Available records:
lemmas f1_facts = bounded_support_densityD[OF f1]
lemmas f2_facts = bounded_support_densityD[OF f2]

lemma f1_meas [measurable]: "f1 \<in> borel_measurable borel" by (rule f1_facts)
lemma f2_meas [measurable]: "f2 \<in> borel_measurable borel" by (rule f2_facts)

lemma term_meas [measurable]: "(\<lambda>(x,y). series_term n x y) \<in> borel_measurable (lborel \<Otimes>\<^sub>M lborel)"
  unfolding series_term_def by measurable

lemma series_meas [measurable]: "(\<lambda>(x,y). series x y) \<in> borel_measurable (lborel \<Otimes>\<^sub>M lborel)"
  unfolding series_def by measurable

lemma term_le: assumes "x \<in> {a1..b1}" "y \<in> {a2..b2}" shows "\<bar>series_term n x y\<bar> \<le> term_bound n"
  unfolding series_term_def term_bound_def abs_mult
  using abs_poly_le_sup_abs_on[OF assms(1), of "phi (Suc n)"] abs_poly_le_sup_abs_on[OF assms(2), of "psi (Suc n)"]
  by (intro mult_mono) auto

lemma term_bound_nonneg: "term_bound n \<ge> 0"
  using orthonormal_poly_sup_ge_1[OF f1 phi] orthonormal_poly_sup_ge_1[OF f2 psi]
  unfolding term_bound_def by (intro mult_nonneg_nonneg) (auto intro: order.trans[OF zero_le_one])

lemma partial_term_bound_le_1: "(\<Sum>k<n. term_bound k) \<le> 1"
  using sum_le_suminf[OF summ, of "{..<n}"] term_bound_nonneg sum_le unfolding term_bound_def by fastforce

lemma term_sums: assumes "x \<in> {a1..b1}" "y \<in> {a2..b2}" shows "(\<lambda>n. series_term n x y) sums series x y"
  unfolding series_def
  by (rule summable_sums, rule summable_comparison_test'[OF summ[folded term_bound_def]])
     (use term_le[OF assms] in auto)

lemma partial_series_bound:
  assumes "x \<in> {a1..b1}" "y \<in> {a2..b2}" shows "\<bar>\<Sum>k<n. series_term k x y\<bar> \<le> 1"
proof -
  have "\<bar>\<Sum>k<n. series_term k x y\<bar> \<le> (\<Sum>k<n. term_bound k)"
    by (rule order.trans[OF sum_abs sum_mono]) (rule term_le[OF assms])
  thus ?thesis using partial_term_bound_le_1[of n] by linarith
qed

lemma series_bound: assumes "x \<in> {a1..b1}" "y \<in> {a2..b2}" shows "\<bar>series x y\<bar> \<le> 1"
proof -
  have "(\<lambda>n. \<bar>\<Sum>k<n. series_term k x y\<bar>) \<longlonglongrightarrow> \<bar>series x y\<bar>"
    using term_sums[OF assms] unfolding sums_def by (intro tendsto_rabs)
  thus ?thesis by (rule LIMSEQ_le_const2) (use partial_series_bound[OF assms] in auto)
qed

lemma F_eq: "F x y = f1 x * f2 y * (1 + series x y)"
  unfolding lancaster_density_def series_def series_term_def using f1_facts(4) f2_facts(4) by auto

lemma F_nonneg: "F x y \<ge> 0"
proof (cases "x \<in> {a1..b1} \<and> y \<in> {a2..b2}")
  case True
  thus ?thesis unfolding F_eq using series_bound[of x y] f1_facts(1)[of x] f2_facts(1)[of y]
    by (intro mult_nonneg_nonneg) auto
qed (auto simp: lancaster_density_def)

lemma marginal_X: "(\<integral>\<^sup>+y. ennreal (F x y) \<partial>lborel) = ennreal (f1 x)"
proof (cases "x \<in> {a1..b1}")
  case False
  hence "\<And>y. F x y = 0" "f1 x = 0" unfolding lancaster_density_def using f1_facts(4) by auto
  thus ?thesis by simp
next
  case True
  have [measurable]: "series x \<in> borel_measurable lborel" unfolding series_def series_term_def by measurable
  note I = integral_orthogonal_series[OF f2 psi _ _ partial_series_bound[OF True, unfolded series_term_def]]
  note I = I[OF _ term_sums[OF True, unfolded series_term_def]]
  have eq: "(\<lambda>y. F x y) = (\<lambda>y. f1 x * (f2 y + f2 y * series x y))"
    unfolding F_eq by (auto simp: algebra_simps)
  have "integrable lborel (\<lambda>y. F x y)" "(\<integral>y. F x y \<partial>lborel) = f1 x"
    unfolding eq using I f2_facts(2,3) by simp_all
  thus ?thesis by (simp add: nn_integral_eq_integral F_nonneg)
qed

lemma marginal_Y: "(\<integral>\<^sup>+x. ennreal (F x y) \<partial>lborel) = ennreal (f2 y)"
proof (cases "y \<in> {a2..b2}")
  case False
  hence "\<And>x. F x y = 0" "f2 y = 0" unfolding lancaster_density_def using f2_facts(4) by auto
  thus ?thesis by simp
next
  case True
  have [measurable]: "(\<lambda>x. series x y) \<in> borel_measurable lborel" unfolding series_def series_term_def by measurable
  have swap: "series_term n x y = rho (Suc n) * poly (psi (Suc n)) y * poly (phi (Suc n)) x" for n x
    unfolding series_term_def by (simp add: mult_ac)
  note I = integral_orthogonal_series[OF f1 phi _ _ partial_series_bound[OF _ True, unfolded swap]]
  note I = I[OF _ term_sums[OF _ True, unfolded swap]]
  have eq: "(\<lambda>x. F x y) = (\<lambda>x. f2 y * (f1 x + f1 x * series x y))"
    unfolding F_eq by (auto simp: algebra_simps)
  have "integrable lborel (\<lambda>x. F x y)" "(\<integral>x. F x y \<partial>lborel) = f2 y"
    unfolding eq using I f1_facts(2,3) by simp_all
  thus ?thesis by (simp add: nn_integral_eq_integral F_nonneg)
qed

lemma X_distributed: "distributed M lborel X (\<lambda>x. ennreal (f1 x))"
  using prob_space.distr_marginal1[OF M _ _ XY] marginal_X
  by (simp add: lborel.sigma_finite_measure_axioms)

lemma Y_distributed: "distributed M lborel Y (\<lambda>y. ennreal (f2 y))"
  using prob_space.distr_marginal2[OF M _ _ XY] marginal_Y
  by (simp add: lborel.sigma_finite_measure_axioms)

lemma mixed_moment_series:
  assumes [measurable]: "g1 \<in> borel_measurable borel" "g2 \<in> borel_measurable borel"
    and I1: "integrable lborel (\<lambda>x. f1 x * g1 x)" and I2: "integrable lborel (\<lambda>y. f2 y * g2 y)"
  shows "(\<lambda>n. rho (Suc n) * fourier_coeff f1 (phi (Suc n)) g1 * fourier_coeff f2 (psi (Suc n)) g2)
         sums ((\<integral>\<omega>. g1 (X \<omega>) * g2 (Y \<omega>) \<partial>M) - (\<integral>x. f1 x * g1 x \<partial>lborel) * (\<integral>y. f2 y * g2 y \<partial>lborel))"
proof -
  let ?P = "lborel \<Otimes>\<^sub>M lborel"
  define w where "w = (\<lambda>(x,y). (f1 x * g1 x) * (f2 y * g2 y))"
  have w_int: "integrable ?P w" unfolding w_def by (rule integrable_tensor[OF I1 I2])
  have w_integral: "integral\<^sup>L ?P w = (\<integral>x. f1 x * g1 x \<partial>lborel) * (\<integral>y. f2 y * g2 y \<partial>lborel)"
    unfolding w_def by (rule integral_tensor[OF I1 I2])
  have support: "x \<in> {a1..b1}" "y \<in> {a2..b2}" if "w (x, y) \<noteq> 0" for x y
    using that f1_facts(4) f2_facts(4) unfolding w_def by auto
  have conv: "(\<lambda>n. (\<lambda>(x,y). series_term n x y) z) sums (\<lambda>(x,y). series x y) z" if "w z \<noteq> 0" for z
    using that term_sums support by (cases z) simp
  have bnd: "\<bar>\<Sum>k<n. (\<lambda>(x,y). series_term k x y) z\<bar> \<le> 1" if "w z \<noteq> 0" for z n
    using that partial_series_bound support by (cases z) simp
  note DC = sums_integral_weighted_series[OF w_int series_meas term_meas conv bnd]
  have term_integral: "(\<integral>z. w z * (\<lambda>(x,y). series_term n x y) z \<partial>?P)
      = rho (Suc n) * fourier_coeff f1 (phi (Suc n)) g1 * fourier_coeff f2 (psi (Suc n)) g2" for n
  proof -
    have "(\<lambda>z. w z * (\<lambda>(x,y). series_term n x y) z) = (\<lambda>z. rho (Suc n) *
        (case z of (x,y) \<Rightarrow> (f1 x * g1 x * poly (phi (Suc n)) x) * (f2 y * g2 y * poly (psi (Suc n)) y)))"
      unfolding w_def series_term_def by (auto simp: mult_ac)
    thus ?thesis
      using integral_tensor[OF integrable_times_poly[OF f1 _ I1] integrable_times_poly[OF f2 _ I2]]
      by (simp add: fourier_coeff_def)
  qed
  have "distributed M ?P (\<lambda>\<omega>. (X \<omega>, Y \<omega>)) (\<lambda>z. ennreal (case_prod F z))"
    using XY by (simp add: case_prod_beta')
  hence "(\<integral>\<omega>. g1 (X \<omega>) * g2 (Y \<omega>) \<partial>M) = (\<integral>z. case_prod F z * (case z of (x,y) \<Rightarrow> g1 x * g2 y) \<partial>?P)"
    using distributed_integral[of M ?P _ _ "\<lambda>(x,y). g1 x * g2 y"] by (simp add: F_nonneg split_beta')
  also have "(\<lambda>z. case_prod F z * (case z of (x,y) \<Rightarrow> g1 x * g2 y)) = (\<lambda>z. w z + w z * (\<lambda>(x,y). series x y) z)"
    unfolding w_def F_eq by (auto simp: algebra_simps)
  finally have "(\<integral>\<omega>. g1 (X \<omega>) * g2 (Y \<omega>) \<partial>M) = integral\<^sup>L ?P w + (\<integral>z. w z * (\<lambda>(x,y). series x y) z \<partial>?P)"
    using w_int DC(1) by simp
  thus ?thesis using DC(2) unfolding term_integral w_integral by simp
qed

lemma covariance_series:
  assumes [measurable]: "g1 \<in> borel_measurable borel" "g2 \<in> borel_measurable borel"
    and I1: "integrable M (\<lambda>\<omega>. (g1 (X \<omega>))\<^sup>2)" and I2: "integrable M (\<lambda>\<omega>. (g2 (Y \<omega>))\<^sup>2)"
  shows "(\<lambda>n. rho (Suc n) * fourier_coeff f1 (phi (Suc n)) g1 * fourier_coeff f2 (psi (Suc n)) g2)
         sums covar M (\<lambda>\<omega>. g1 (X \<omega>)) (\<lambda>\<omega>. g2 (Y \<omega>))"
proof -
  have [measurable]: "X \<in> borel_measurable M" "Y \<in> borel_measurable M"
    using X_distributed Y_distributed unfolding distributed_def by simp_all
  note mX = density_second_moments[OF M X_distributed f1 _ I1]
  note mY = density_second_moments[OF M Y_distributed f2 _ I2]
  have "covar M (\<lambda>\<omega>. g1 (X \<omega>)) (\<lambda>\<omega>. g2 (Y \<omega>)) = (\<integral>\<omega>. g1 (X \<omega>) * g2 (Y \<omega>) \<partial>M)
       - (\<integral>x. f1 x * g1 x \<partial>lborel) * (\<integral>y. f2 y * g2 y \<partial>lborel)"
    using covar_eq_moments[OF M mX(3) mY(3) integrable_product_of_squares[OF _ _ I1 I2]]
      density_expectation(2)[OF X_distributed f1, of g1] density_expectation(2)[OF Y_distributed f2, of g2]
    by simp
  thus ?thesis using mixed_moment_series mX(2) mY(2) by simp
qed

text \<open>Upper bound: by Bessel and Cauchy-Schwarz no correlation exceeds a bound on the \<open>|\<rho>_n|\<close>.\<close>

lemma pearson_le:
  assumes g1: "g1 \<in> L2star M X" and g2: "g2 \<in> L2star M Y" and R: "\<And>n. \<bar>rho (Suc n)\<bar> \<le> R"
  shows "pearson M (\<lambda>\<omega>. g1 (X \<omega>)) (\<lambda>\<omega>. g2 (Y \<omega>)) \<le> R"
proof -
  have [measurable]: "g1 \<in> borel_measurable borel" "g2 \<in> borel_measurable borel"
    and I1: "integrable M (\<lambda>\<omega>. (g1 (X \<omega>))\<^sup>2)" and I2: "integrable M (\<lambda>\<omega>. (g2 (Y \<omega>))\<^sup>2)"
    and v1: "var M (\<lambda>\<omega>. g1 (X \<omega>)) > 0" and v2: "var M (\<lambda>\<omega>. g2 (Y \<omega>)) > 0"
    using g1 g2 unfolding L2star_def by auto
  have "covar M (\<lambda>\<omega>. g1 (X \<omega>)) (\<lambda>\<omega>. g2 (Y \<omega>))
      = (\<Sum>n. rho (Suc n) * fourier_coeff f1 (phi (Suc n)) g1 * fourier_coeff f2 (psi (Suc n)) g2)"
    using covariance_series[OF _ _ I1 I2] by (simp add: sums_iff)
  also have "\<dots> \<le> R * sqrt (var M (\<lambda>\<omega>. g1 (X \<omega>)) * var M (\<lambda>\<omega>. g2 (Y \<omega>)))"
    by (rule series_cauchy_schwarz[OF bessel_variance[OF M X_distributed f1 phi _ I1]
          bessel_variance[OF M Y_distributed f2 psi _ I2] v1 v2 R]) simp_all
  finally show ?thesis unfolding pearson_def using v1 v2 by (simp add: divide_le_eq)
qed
---
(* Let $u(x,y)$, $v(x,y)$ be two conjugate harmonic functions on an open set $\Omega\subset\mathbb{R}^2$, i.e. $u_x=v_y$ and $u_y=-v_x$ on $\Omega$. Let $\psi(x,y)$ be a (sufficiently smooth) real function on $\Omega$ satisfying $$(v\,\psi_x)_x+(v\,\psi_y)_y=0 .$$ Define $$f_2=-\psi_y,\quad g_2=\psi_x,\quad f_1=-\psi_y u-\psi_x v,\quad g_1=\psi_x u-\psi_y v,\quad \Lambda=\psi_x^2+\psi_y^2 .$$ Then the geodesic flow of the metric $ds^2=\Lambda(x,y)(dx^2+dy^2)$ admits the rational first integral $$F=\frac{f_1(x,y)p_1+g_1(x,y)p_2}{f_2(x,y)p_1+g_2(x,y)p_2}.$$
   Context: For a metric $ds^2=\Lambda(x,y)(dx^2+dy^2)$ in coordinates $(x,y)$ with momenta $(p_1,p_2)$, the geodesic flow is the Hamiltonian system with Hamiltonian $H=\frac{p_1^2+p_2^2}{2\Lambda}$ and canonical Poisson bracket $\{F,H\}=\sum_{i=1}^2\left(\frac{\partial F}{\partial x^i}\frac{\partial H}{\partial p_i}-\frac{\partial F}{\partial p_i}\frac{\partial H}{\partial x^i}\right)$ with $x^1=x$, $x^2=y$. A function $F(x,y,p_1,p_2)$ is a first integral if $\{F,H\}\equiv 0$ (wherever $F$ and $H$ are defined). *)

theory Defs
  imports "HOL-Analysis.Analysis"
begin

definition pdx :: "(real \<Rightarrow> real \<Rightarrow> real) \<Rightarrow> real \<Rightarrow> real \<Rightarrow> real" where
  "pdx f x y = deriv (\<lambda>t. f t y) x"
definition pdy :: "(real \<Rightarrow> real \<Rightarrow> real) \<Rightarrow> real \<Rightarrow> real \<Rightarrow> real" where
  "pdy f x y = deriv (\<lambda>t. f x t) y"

What is needed:
Among the records above, find each line holding the string "swap" and pull it out.

Answer to this task:
  have swap: "series_term n x y = rho (Suc n) * poly (psi (Suc n)) y * poly (phi (Suc n)) x" for n x
  note I = integral_orthogonal_series[OF f1 phi _ _ partial_series_bound[OF _ True, unfolded swap]]
  note I = I[OF _ term_sums[OF _ True, unfolded swap]]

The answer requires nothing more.